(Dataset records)
lemma hybrid_solution_eq_arcs_of_flows:
  assumes "0 < T" "t \<in> {0..real T}" and flows: "\<forall>k<T. caratheodory_flow f u (real k) (real k + 1) (\<phi> k)"
  shows "hybrid_solution f g T \<xi> u y t = hybrid_state_of g T y (\<lambda>i. arcs_of_flows \<phi> g \<xi> y (i - 1)) t"
  unfolding hybrid_solution_def
proof (rule the_equality)
  show "\<exists>xs. hybrid_arcs f g T \<xi> u y xs \<and>
      hybrid_state_of g T y (\<lambda>i. arcs_of_flows \<phi> g \<xi> y (i - 1)) t = hybrid_state_of g T y xs t"
    using hybrid_arcs_arcs_of_flows[OF \<open>0 < T\<close> flows] by blast
next
  fix v assume "\<exists>xs. hybrid_arcs f g T \<xi> u y xs \<and> v = hybrid_state_of g T y xs t"
  then obtain xs where xs: "hybrid_arcs f g T \<xi> u y xs" "v = hybrid_state_of g T y xs t"
    by blast
  show "v = hybrid_state_of g T y (\<lambda>i. arcs_of_flows \<phi> g \<xi> y (i - 1)) t"
    unfolding xs(2)
  proof (rule hybrid_state_of_cong[OF assms(1,2)])
    fix k s assume "k < T" "s \<in> {real k..real k + 1}"
    then show "xs (Suc k) s = arcs_of_flows \<phi> g \<xi> y (Suc k - 1) s"
      using hybrid_arcs_eq_arcs_of_flows[OF flows xs(1)] by simp
  qed
qed

definition coordwise_nhds :: "nat \<Rightarrow> (nat \<Rightarrow> 'a::metric_space) \<Rightarrow> (nat \<Rightarrow> 'a) filter" where
  "coordwise_nhds T y = (INF \<delta>\<in>{0<..}. principal {y'. \<forall>i\<in>{1..T}. dist (y' i) (y i) < \<delta>})"

lemma eventually_coordwise_nhds:
  "eventually P (coordwise_nhds T y) \<longleftrightarrow> (\<exists>\<delta>>0. \<forall>y'. (\<forall>i\<in>{1..T}. dist (y' i) (y i) < \<delta>) \<longrightarrow> P y')"
  unfolding coordwise_nhds_def
proof (subst eventually_INF_base)
  fix \<delta> \<delta>' :: real assume "\<delta> \<in> {0<..}" "\<delta>' \<in> {0<..}"
  then show "\<exists>\<delta>''\<in>{0<..}. principal {y'. \<forall>i\<in>{1..T}. dist (y' i) (y i) < \<delta>''} \<le>
      inf (principal {y'. \<forall>i\<in>{1..T}. dist (y' i) (y i) < \<delta>}) (principal {y'. \<forall>i\<in>{1..T}. dist (y' i) (y i) < \<delta>'})"
    by (intro bexI[of _ "min \<delta> \<delta>'"]) auto
qed (auto simp: eventually_principal)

Required action: Copy every line from the records that holds the string "where".

Answer box:
  then obtain xs where xs: "hybrid_arcs f g T \<xi> u y xs" "v = hybrid_state_of g T y xs t"
definition coordwise_nhds :: "nat \<Rightarrow> (nat \<Rightarrow> 'a::metric_space) \<Rightarrow> (nat \<Rightarrow> 'a) filter" where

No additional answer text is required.